_TASK BRIEF:_ Quote exactly, and only, the lines from the one with "by (rule LIMSEQ_inverse_real_of_nat[unfolded" through the end of the listing.

....................

(* For almost every t, Fourier inversion in the time variable expresses F_x u(xi, t) through
   F u(xi, .), so that uniformly in x
     |D_x^s F_x^-1 (chi_{|xi| >= a} F_x u)(x, t)| <= (2 pi)^-2 \<integral>\<integral>_{|xi| >= a} |xi|^s |F u(xi, tau)| dxi dtau.
   Cauchy-Schwarz with the weights <tau + phi(xi)>^(-b) and <tau + phi(xi)>^b bounds the right-hand
   side by ||u||_{X_{0,b}} times the square root of \<integral>\<integral>_{|xi| >= a} |xi|^(2s) <tau + phi(xi)>^(-2b),
   which is finite because 2s < -1 and 2b > 1; by translation, the inner tau-integral does not
   depend on xi.
   Fourier inversion on the real line (for integrable g with integrable transform) is proved by
   Gaussian regularization: the regularized inverse transform of g^ is the convolution of g with a
   heat kernel, its integrals over intervals converge both to those of g and to those of the
   inverse transform, and an integrable function whose interval integrals all vanish is zero a.e. *)

section \<open>Fourier inversion on the real line\<close>

definition fourier :: "(real \<Rightarrow> complex) \<Rightarrow> real \<Rightarrow> complex" where
  "fourier g w = (\<integral>t. exp (- \<i> * complex_of_real (t * w)) * g t \<partial>lborel)"

definition fourier_inverse :: "(real \<Rightarrow> complex) \<Rightarrow> real \<Rightarrow> complex" where
  "fourier_inverse h t = complex_of_real (1 / (2 * pi)) * (\<integral>w. iexp (t * w) * h w \<partial>lborel)"

definition gauss_regularized_inverse :: "(real \<Rightarrow> complex) \<Rightarrow> real \<Rightarrow> real \<Rightarrow> complex" where
  "gauss_regularized_inverse h s t = complex_of_real (1 / (2 * pi)) *
     (\<integral>w. iexp (t * w) * complex_of_real (exp (- ((s * w)^2) / 2)) * h w \<partial>lborel)"

lemma gauss_regularized_inverse_0: "gauss_regularized_inverse h 0 = fourier_inverse h"
  by (simp add: gauss_regularized_inverse_def fourier_inverse_def fun_eq_iff)

lemma integral_std_normal_density_iexp:
  "(\<integral>x. complex_of_real (std_normal_density x) * iexp (t * x) \<partial>lborel) = exp (- (t^2) / 2)"
proof -
  have "char std_normal_distribution t = (\<integral>x. std_normal_density x *\<^sub>R iexp (t * x) \<partial>lborel)"
    unfolding char_def by (subst integral_density) auto
  then show ?thesis
    by (simp add: char_std_normal_distribution scaleR_conv_of_real)
qed

lemma normal_density_scale:
  assumes "s > 0"
  shows "s * normal_density r s (r + s * x) = std_normal_density x"
proof -
  have "sqrt (2 * pi * s\<^sup>2) = sqrt (2 * pi) * s"
    using assms by (simp add: real_sqrt_mult)
  then show ?thesis
    unfolding normal_density_def using assms by (simp add: power_mult_distrib field_simps)
qed

lemma integral_iexp_gauss:
  assumes s: "s > 0"
  shows "(\<integral>w. iexp (y * w) * complex_of_real (exp (- ((s * w)^2) / 2)) \<partial>lborel)
        = 2 * pi * normal_density 0 s y"
proof -
  have "(\<integral>w. iexp (y * w) * complex_of_real (exp (- ((s * w)^2) / 2)) \<partial>lborel)
      = (1 / s) *\<^sub>R (\<integral>x. sqrt (2 * pi) * (std_normal_density x * iexp ((y / s) * x)) \<partial>lborel)"
    using lborel_integral_real_affine[of "1 / s" "\<lambda>w. iexp (y * w) * complex_of_real (exp (- ((s * w)^2) / 2))" 0] s
    by (simp add: std_normal_density_def ac_simps)
  also have "\<dots> = (1 / s * sqrt (2 * pi) * exp (- ((y / s)^2) / 2))"
    by (simp only: integral_mult_right_zero integral_std_normal_density_iexp) (simp add: scaleR_conv_of_real)
  also have "1 / s * sqrt (2 * pi) * exp (- ((y / s)^2) / 2) = 2 * pi * normal_density 0 s y"
  proof -
    have "exp (- ((y / s)^2) / 2) = sqrt (2 * pi) * s * normal_density 0 s y"
      using normal_density_scale[OF s, of 0 "y / s"] s by (simp add: std_normal_density_def field_simps)
    moreover have "sqrt (2 * pi) * sqrt (2 * pi) = 2 * pi"
      by simp
    ultimately show ?thesis
      using s by (simp add: field_simps)
  qed
  finally show ?thesis by simp
qed

lemma integrable_gauss:
  assumes "s > 0"
  shows "integrable lborel (\<lambda>w. complex_of_real (exp (- ((s * w)^2) / 2)))"
proof -
  have "exp (- ((s * w)^2) / 2) = sqrt (2 * pi) / s * normal_density 0 (1 / s) w" for w
    using normal_density_scale[of "1 / s" 0 "s * w"] assms by (simp add: std_normal_density_def field_simps)
  then show ?thesis
    using assms by (simp add: integrable_mult_right)
qed

lemma (in pair_sigma_finite) integrable_product:
  fixes f :: "'a \<Rightarrow> 'c::{real_normed_field, second_countable_topology, banach}"
    and g :: "'b \<Rightarrow> 'c"
  assumes f: "integrable M1 f" and g: "integrable M2 g"
  shows "integrable (M1 \<Otimes>\<^sub>M M2) (\<lambda>(x, y). f x * g y)"
proof (rule integrableI_bounded)
  show "(\<lambda>(x, y). f x * g y) \<in> borel_measurable (M1 \<Otimes>\<^sub>M M2)"
    using f g by measurable
  have "(\<integral>\<^sup>+p. norm ((\<lambda>(x, y). f x * g y) p) \<partial>(M1 \<Otimes>\<^sub>M M2))
      = (\<integral>\<^sup>+x. norm (f x) \<partial>M1) * (\<integral>\<^sup>+y. norm (g y) \<partial>M2)"
    using f g
    by (subst M2.nn_integral_fst[symmetric])
       (auto simp: norm_mult ennreal_mult nn_integral_cmult nn_integral_multc)
  also have "\<dots> < \<infinity>"
    using f g unfolding integrable_iff_bounded by (simp add: ennreal_mult_less_top)
  finally show "(\<integral>\<^sup>+p. norm ((\<lambda>(x, y). f x * g y) p) \<partial>(M1 \<Otimes>\<^sub>M M2)) < \<infinity>" .
qed

lemma borel_measurable_fourier_inverse [measurable]:
  assumes [measurable]: "h \<in> borel_measurable borel"
  shows "fourier_inverse h \<in> borel_measurable borel"
  unfolding fourier_inverse_def[abs_def] by measurable

lemma borel_measurable_gauss_regularized_inverse [measurable]:
  assumes [measurable]: "h \<in> borel_measurable borel"
  shows "gauss_regularized_inverse h s \<in> borel_measurable borel"
  unfolding gauss_regularized_inverse_def[abs_def] by measurable

lemma gauss_regularized_inverse_fourier:
  fixes g :: "real \<Rightarrow> complex"
  assumes g: "integrable lborel g" and s: "s > 0"
  shows "gauss_regularized_inverse (fourier g) s t = (\<integral>r. complex_of_real (normal_density r s t) * g r \<partial>lborel)"
proof -
  have [measurable]: "g \<in> borel_measurable borel"
    using g by auto
  define F where "F r w = iexp (t * w) * complex_of_real (exp (- ((s * w)^2) / 2))
    * (exp (- \<i> * complex_of_real (r * w)) * g r)" for r w
  have "integrable (lborel \<Otimes>\<^sub>M lborel) (\<lambda>(r, w). F r w)"
  proof (rule Bochner_Integration.integrable_bound)
    show "integrable (lborel \<Otimes>\<^sub>M lborel) (\<lambda>(r, w). g r * complex_of_real (exp (- ((s * w)^2) / 2)))"
      using g integrable_gauss[OF s] by (rule lborel_pair.integrable_product)
    show "AE p in lborel \<Otimes>\<^sub>M lborel. norm ((\<lambda>(r, w). F r w) p)
        \<le> norm ((\<lambda>(r, w). g r * complex_of_real (exp (- ((s * w)^2) / 2))) p)"
      by (auto simp: F_def norm_mult)
  qed (simp add: F_def)
  then have "(\<integral>w. \<integral>r. F r w \<partial>lborel \<partial>lborel) = (\<integral>r. \<integral>w. F r w \<partial>lborel \<partial>lborel)"
    by (rule lborel_pair.Fubini_integral)
  moreover have "(\<integral>w. F r w \<partial>lborel) = complex_of_real (2 * pi * normal_density r s t) * g r" for r
  proof -
    have "(\<integral>w. F r w \<partial>lborel)
        = (\<integral>w. iexp ((t - r) * w) * complex_of_real (exp (- ((s * w)^2) / 2)) \<partial>lborel) * g r"
      unfolding F_def
      by (subst integral_mult_left_zero[symmetric], rule Bochner_Integration.integral_cong)
         (simp_all add: exp_add[symmetric] algebra_simps)
    moreover have "normal_density 0 s (t - r) = normal_density r s t"
      by (simp add: normal_density_def power2_commute)
    ultimately show ?thesis
      using integral_iexp_gauss[OF s, of "t - r"] by simp
  qed
  ultimately show ?thesis
    by (simp add: gauss_regularized_inverse_def fourier_def F_def mult.assoc)
qed

lemma norm_gauss_regularized_inverse_le:
  assumes "integrable lborel h"
  shows "norm (gauss_regularized_inverse h s t) \<le> 1 / (2 * pi) * (\<integral>w. norm (h w) \<partial>lborel)"
proof -
  have [measurable]: "h \<in> borel_measurable borel"
    using assms by auto
  have factor: "norm (iexp (t * w) * complex_of_real (exp (- ((s * w)^2) / 2)) * h w) \<le> norm (h w)" for w
    by (simp add: norm_mult mult_left_le_one_le)
  have "norm (\<integral>w. iexp (t * w) * complex_of_real (exp (- ((s * w)^2) / 2)) * h w \<partial>lborel)
      \<le> (\<integral>w. norm (h w) \<partial>lborel)"
  proof -
    have "integrable lborel (\<lambda>w. iexp (t * w) * complex_of_real (exp (- ((s * w)^2) / 2)) * h w)"
      using factor by (intro Bochner_Integration.integrable_bound[OF assms]) auto
    then show ?thesis
      using assms factor
      by (intro order.trans[OF integral_norm_bound] integral_mono integrable_norm) auto
  qed
  from mult_left_mono[OF this, of "1 / (2 * pi)"] show ?thesis
    unfolding gauss_regularized_inverse_def norm_mult norm_of_real by simp
qed

lemma gauss_regularized_inverse_tendsto:
  assumes h: "integrable lborel h"
  shows "(\<lambda>n. gauss_regularized_inverse h (1 / Suc n) t) \<longlonglongrightarrow> fourier_inverse h t"
proof -
  have "(\<lambda>n. \<integral>w. iexp (t * w) * complex_of_real (exp (- ((1 / Suc n * w)^2) / 2)) * h w \<partial>lborel)
      \<longlonglongrightarrow> (\<integral>w. iexp (t * w) * h w \<partial>lborel)"
  proof (rule integral_dominated_convergence[where w = "\<lambda>w. norm (h w)"])
    show "AE w in lborel. (\<lambda>n. iexp (t * w) * complex_of_real (exp (- ((1 / Suc n * w)^2) / 2)) * h w)
        \<longlonglongrightarrow> iexp (t * w) * h w" for w
    proof (rule AE_I2)
      fix w
      have "(\<lambda>n. 1 / real (Suc n)) \<longlonglongrightarrow> 0"
        by (rule LIMSEQ_inverse_real_of_nat[unfolded inverse_eq_divide])
      then have "(\<lambda>n. exp (- ((1 / real (Suc n) * w)^2) / 2)) \<longlonglongrightarrow> exp (- ((0 * w)^2) / 2)"
        by (intro tendsto_intros) auto
      then have "(\<lambda>n. complex_of_real (exp (- ((1 / real (Suc n) * w)^2) / 2)))
          \<longlonglongrightarrow> complex_of_real (exp (- ((0 * w)^2) / 2))"
        by (rule tendsto_of_real)
      from tendsto_mult[OF tendsto_mult[OF tendsto_const this] tendsto_const, of "iexp (t * w)" "h w"]
      show "(\<lambda>n. iexp (t * w) * complex_of_real (exp (- ((1 / Suc n * w)^2) / 2)) * h w)
          \<longlonglongrightarrow> iexp (t * w) * h w"
        by simp
    qed
  qed (use h in \<open>auto simp: norm_mult mult_left_le_one_le\<close>)
  then show ?thesis
    unfolding gauss_regularized_inverse_def fourier_inverse_def by (intro tendsto_mult_left)
qed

....................

_OUTPUT FOR THIS TASK:_
        by (rule LIMSEQ_inverse_real_of_nat[unfolded inverse_eq_divide])
      then have "(\<lambda>n. exp (- ((1 / real (Suc n) * w)^2) / 2)) \<longlonglongrightarrow> exp (- ((0 * w)^2) / 2)"
        by (intro tendsto_intros) auto
      then have "(\<lambda>n. complex_of_real (exp (- ((1 / real (Suc n) * w)^2) / 2)))
          \<longlonglongrightarrow> complex_of_real (exp (- ((0 * w)^2) / 2))"
        by (rule tendsto_of_real)
      from tendsto_mult[OF tendsto_mult[OF tendsto_const this] tendsto_const, of "iexp (t * w)" "h w"]
      show "(\<lambda>n. iexp (t * w) * complex_of_real (exp (- ((1 / Suc n * w)^2) / 2)) * h w)
          \<longlonglongrightarrow> iexp (t * w) * h w"
        by simp
    qed
  qed (use h in \<open>auto simp: norm_mult mult_left_le_one_le\<close>)
  then show ?thesis
    unfolding gauss_regularized_inverse_def fourier_inverse_def by (intro tendsto_mult_left)
qed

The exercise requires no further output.